Stored data
(* The set $\{A\in\mathbb{A}\cap [e^{-e}, e^{1/e}] : h(A) \text{ is algebraic}\}$ is dense in $[e^{-e},e^{1/e}]$.
   Context: $\mathbb{A}$ denotes the set of algebraic numbers. For a real $x\in[e^{-e},e^{1/e}]$, the sequence $x,\ x^x,\ x^{x^x},\ldots$ converges; its limit is denoted $h(x)$, and it satisfies $h(x)=x^{h(x)}$, $1/e\leq h(x)\leq e$. *)

theory Defs
  imports "HOL-Analysis.Analysis" "HOL-Computational_Algebra.Polynomial"
begin

fun tower :: "real \<Rightarrow> nat \<Rightarrow> real" where
  "tower x 0 = x"
| "tower x (Suc n) = x powr (tower x n)"

text \<open>h(x): the limit of the power tower sequence (meaningful for x in [e^-e, e^(1/e)]).\<close>
definition h :: "real \<Rightarrow> real" where
  "h x = lim (tower x)"

end

theory Submission
  imports Defs
begin

text \<open>
  For \<open>1/e < y < e\<close> put \<open>A = y powr (1/y)\<close>, so that \<open>A powr y = y\<close>. Near the fixed point \<open>y\<close>
  the map \<open>t \<mapsto> A powr t\<close> (for \<open>y \<ge> 1\<close>) or its second iterate (for \<open>y \<le> 1\<close>) is a contraction,
  so the tower at \<open>A\<close> converges to \<open>y\<close>, i.e. \<open>h A = y\<close>. For rational \<open>y\<close> both \<open>A\<close> and
  \<open>h A = y\<close> are algebraic. Since \<open>y \<mapsto> y powr (1/y)\<close> maps \<open>[1/e, e]\<close> continuously onto
  \<open>[e^-e, e^(1/e)]\<close>, the image of the rationals in \<open>(1/e, e)\<close> is dense there.
\<close>

lemma tendsto_of_periodic_contraction:
  fixes x :: "nat \<Rightarrow> 'a::metric_space"
  assumes "0 < k" "0 \<le> c" "c < 1"
    and contr: "\<And>n. dist (x (n + k)) y \<le> c * dist (x n) y"
  shows "x \<longlonglongrightarrow> y"
proof -
  have iter: "dist (x (k * m + j)) y \<le> c ^ m * dist (x j) y" for m j
  proof (induction m)
    case (Suc m)
    have "dist (x (k * Suc m + j)) y \<le> c * dist (x (k * m + j)) y"
      using contr[of "k * m + j"] by (simp add: algebra_simps)
    also have "\<dots> \<le> c * (c ^ m * dist (x j) y)"
      using Suc \<open>0 \<le> c\<close> by (rule mult_left_mono)
    finally show ?case by simp
  qed simp
  define B where "B = (\<Sum>j<k. dist (x j) y)"
  have bound: "dist (x n) y \<le> c ^ (n div k) * B" for n
  proof -
    have "dist (x n) y \<le> c ^ (n div k) * dist (x (n mod k)) y"
      using iter[of "n div k" "n mod k"] by simp
    also have "\<dots> \<le> c ^ (n div k) * B"
      unfolding B_def using \<open>0 < k\<close> \<open>0 \<le> c\<close>
      by (intro mult_left_mono member_le_sum) auto
    finally show ?thesis .
  qed
  have "(\<lambda>n. c ^ (n div k)) \<longlonglongrightarrow> 0"
    using assms(1-3) by (intro filterlim_compose[OF LIMSEQ_power_zero filterlim_at_top_div_const_nat]) auto
  then have "(\<lambda>n. c ^ (n div k) * B) \<longlonglongrightarrow> 0"
    by (rule tendsto_mult_left_zero)
  then have "(\<lambda>n. dist (x n) y) \<longlonglongrightarrow> 0"
    by (rule Lim_null_comparison[rotated]) (simp add: bound)
  then show ?thesis
    by (rule tendsto_dist_iff[THEN iffD2])
qed

lemma mult_exp_neg_le: "x * exp (- x) \<le> exp (- 1 :: real)"
proof -
  have "x \<le> exp (x - 1)"
    using exp_ge_add_one_self[of "x - 1"] by simp
  then have "x * exp (- x) \<le> exp (x - 1) * exp (- x)"
    by (rule mult_right_mono) simp
  then show ?thesis
    by (simp flip: exp_add)
qed

lemma tower_powr_inverse_self_Suc:
  assumes "0 < y"
  shows "tower (y powr (1/y)) (Suc n) = exp (ln y / y * tower (y powr (1/y)) n)"
  using assms by (simp add: powr_def)

lemma tendsto_tower_powr_inverse_self_ge1:
  assumes "1 \<le> y" "y < exp 1"
  shows "tower (y powr (1/y)) \<longlonglongrightarrow> y"
proof -
  define A where "A = y powr (1/y)"
  define a where "a = ln y / y"
  have y0: "0 < y" using assms by simp
  have ln_y: "0 \<le> ln y" "ln y < 1"
    using assms ln_less_cancel_iff[of y "exp 1"] by auto
  have a0: "0 \<le> a" using ln_y y0 by (simp add: a_def)
  have ay: "a * y = ln y" using y0 by (simp add: a_def)
  have step: "tower A (Suc n) = exp (a * tower A n)" for n
    unfolding A_def a_def by (rule tower_powr_inverse_self_Suc[OF y0])
  have mono: "exp (a * s) \<le> y" if "s \<le> y" for s
    using mult_left_mono[OF that a0] ay y0 by (metis exp_le_cancel_iff exp_ln)
  text \<open>Below \<open>y\<close> the derivative \<open>a exp (a t)\<close> of the step map is at most \<open>a y = ln y < 1\<close>.\<close>
  have below: "tower A n \<le> y" for n
  proof (induction n)
    case 0
    have "tower A 0 = exp (a * 1)" using y0 by (simp add: A_def a_def powr_def)
    then show ?case using mono[of 1] assms(1) by simp
  next
    case (Suc n)
    then show ?case unfolding step by (rule mono)
  qed
  have lipschitz: "\<bar>exp (a * s) - y\<bar> \<le> ln y * \<bar>s - y\<bar>" if "s \<le> y" for s
  proof -
    have "norm (exp (a * s) - exp (a * y)) \<le> ln y * norm (s - y)"
    proof (rule field_differentiable_bound[of "{..y}"])
      fix t assume "t \<in> {..y}"
      show "((\<lambda>t. exp (a * t)) has_field_derivative exp (a * t) * a) (at t within {..y})"
        by (auto intro!: derivative_eq_intros)
      have "exp (a * t) * a \<le> exp (a * y) * a"
        using \<open>t \<in> {..y}\<close> a0 by (intro mult_right_mono) (auto intro: mult_left_mono)
      moreover have "exp (a * y) * a = ln y"
        using ay y0 by (simp add: mult.commute)
      ultimately show "norm (exp (a * t) * a) \<le> ln y"
        using a0 by simp
    qed (use that in auto)
    then show ?thesis using ay y0 by simp
  qed
  have "tower A \<longlonglongrightarrow> y"
  proof (rule tendsto_of_periodic_contraction[of 1 "ln y"])
    show "dist (tower A (n + 1)) y \<le> ln y * dist (tower A n) y" for n
      using lipschitz[OF below] by (simp add: step dist_real_def del: tower.simps)
  qed (use ln_y in auto)
  then show ?thesis by (simp add: A_def)
qed

lemma tendsto_tower_powr_inverse_self_le1:
  assumes "exp (- 1) < y" "y \<le> 1"
  shows "tower (y powr (1/y)) \<longlonglongrightarrow> y"
proof -
  define A where "A = y powr (1/y)"
  define a where "a = ln y / y"
  define c where "c = - a * exp (- 1)"
  text \<open>The step map need not contract (\<open>-a\<close> may exceed 1), but its square does: its
    derivative is \<open>-a * (q * exp (- q)) \<le> -a / e\<close> with \<open>q = -a exp (a t)\<close>.\<close>
  define g where "g t = exp (a * exp (a * t))" for t
  have y0: "0 < y" using assms(1) by (metis exp_gt_zero less_trans)
  have ay: "a * y = ln y" using y0 by (simp add: a_def)
  have a0: "a \<le> 0" using assms y0 by (simp add: a_def divide_nonpos_pos)
  have "- ln y < 1"
    using assms(1) y0 ln_less_cancel_iff[of "exp (- 1)" y] by simp
  also have "1 < exp 1 * y"
    using assms(1) by (simp add: exp_minus field_simps)
  finally have "- a < exp 1"
    using y0 by (simp add: a_def field_simps)
  then have c: "0 \<le> c" "c < 1"
    using a0 by (auto simp: c_def exp_minus field_simps)
  have step1: "tower A (Suc n) = exp (a * tower A n)" for n
    unfolding A_def a_def by (rule tower_powr_inverse_self_Suc[OF y0])
  have step: "tower A (Suc (Suc n)) = g (tower A n)" for n
    using step1[of "Suc n"] step1[of n] by (simp add: g_def del: tower.simps)
  have gy: "g y = y" using ay y0 by (simp add: g_def)
  have lipschitz: "\<bar>g s - y\<bar> \<le> c * \<bar>s - y\<bar>" for s
  proof -
    have "norm (g s - g y) \<le> c * norm (s - y)"
    proof (rule field_differentiable_bound[of UNIV])
      fix t
      define q where "q = - a * exp (a * t)"
      show "(g has_field_derivative g t * (a * (exp (a * t) * a))) (at t within UNIV)"
        unfolding g_def by (auto intro!: derivative_eq_intros)
      have "g t * (a * (exp (a * t) * a)) = - a * (q * exp (- q))"
        by (simp add: g_def q_def)
      moreover have "0 \<le> q" using a0 by (simp add: q_def mult_nonpos_nonneg)
      ultimately show "norm (g t * (a * (exp (a * t) * a))) \<le> c"
        using a0 mult_exp_neg_le[of q] by (auto simp: c_def abs_mult intro: mult_left_mono_neg)
    qed auto
    then show ?thesis using gy by simp
  qed
  have "tower A \<longlonglongrightarrow> y"
    by (rule tendsto_of_periodic_contraction[of 2 c])
       (use c lipschitz in \<open>simp_all add: step dist_real_def del: tower.simps\<close>)
  then show ?thesis by (simp add: A_def)
qed

lemma tendsto_tower_powr_inverse_self:
  assumes "exp (- 1) < y" "y < exp 1"
  shows "tower (y powr (1/y)) \<longlonglongrightarrow> y"
  using assms tendsto_tower_powr_inverse_self_le1 tendsto_tower_powr_inverse_self_ge1
  by (cases "y \<le> 1") auto

lemma h_powr_inverse_self:
  assumes "exp (- 1) < y" "y < exp 1"
  shows "h (y powr (1/y)) = y"
  unfolding h_def using tendsto_tower_powr_inverse_self[OF assms] by (rule limI)

lemma algebraic_powr_Rats:
  fixes x r :: real
  assumes "x \<in> \<rat>" "0 < x" "r \<in> \<rat>"
  shows "algebraic (x powr r)"
proof -
  obtain p q :: int where pq: "0 < q" "r = of_int p / of_int q"
    using Rats_cases'[OF assms(3)] by metis
  have "x powr r = (x powr of_int p) powr (1 / real (nat q))"
    using pq by (simp add: powr_powr)
  also have "\<dots> = root (nat q) (x powr of_int p)"
    using pq by (simp add: root_powr_inverse)
  finally have root: "x powr r = root (nat q) (x powr of_int p)" .
  have "x powr of_int p \<in> \<rat>"
    using assms(1,2) by (simp add: powr_real_of_int)
  then show ?thesis
    unfolding root by (intro algebraic_nth_root_real rat_imp_algebraic)
qed

lemma powr_inverse_self_bounds:
  fixes y :: real
  assumes "exp (- 1) \<le> y"
  shows "y powr (1/y) \<in> {exp (- exp 1) .. exp (1 / exp 1)}"
proof -
  have y0: "0 < y" using assms by (metis exp_gt_zero less_le_trans)
  have "- 1 \<le> ln y"
    using assms y0 ln_le_cancel_iff[of "exp (- 1)" y] by simp
  moreover have "1 \<le> exp 1 * y"
    using assms by (simp add: exp_minus field_simps)
  ultimately have lower: "- exp 1 \<le> ln y / y"
    using y0 by (simp add: le_divide_eq)
  have "ln (y / exp 1) \<le> y / exp 1 - 1"
    using y0 by (intro ln_le_minus_one) auto
  then have upper: "ln y / y \<le> 1 / exp 1"
    using y0 by (simp add: ln_div field_simps)
  show ?thesis
    using y0 lower upper by (simp add: powr_def)
qed

lemma continuous_on_powr_inverse_self:
  fixes a b :: real
  assumes "0 < a"
  shows "continuous_on {a..b} (\<lambda>y. y powr (1/y))"
  using assms by (intro continuous_intros) auto

lemma powr_inverse_self_image:
  "{exp (- exp 1) .. exp (1 / exp 1)} \<subseteq> (\<lambda>y::real. y powr (1/y)) ` {exp (- 1) .. exp 1}"
proof
  fix x :: real assume x: "x \<in> {exp (- exp 1) .. exp (1 / exp 1)}"
  have "continuous_on {exp (- 1) .. exp 1} (\<lambda>y::real. y powr (1/y))"
    by (rule continuous_on_powr_inverse_self[OF exp_gt_zero])
  moreover have "exp (- 1) powr (1 / exp (- 1)) = exp (- exp (1::real))"
  proof -
    have "1 / exp (- 1) = exp (1::real)"
      by (simp add: exp_minus divide_inverse)
    then have "exp (- 1) powr (1 / exp (- 1)) = exp (- 1 * exp (1::real))"
      by (simp only: exp_powr_real)
    then show ?thesis by simp
  qed
  moreover have "exp 1 powr (1 / exp 1) = exp (1 / exp (1::real))"
    by (simp add: exp_powr_real)
  ultimately show "x \<in> (\<lambda>y. y powr (1/y)) ` {exp (- 1) .. exp 1}"
    using x IVT'[of "\<lambda>y. y powr (1/y)" "exp (- 1)" x "exp 1"] by force
qed

lemma closure_Int_Rats_open:
  fixes U :: "real set"
  assumes "open U"
  shows "closure (U \<inter> \<rat>) = closure U"
proof
  have "U \<subseteq> closure (U \<inter> \<rat>)"
    using open_Int_closure_subset[OF assms, of \<rat>] by (simp add: Rats_closure_real)
  then show "closure U \<subseteq> closure (U \<inter> \<rat>)"
    by (simp add: closure_minimal)
qed (simp add: closure_mono)

theorem theorem2p4:
  shows "{exp (- exp 1) .. exp (1 / exp 1)} \<subseteq>
    closure {A :: real. algebraic A \<and> A \<in> {exp (- exp 1) .. exp (1 / exp 1)} \<and> algebraic (h A)}"
    (is "_ \<subseteq> closure ?S")
proof -
  define R :: "real set" where "R = {exp (- 1) <..< exp 1} \<inter> \<rat>"
  have "(\<lambda>y. y powr (1/y)) ` R \<subseteq> ?S"
  proof
    fix A assume "A \<in> (\<lambda>y. y powr (1/y)) ` R"
    then obtain y where y: "exp (- 1) < y" "y < exp 1" "y \<in> \<rat>" and A: "A = y powr (1/y)"
      by (auto simp: R_def)
    have "0 < y" using y(1) by (metis exp_gt_zero less_trans)
    have "algebraic A"
      unfolding A using y(3) \<open>0 < y\<close> by (intro algebraic_powr_Rats) auto
    moreover have "A \<in> {exp (- exp 1) .. exp (1 / exp 1)}"
      unfolding A using y(1) by (intro powr_inverse_self_bounds) simp
    moreover have "algebraic (h A)"
      unfolding A h_powr_inverse_self[OF y(1,2)] using y(3) by (rule rat_imp_algebraic)
    ultimately show "A \<in> ?S" by simp
  qed
  moreover have "closure R = {exp (- 1) .. exp 1}"
    by (simp add: R_def closure_Int_Rats_open)
  moreover have "continuous_on {exp (- 1) .. exp 1} (\<lambda>y::real. y powr (1/y))"
    by (rule continuous_on_powr_inverse_self[OF exp_gt_zero])
  ultimately have "(\<lambda>y. y powr (1/y)) ` {exp (- 1) .. exp 1} \<subseteq> closure ?S"
    using image_closure_subset[of R "\<lambda>y. y powr (1/y)" "closure ?S"] closure_subset[of ?S]
    by auto
  then show ?thesis
    using powr_inverse_self_image by blast
qed

end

Problem details: Whenever a line in the records contains the word "fixes", copy that line.

Output of the exercise:
  fixes x :: "nat \<Rightarrow> 'a::metric_space"
  fixes x r :: real
  fixes y :: real
  fixes a b :: real
  fixes U :: "real set"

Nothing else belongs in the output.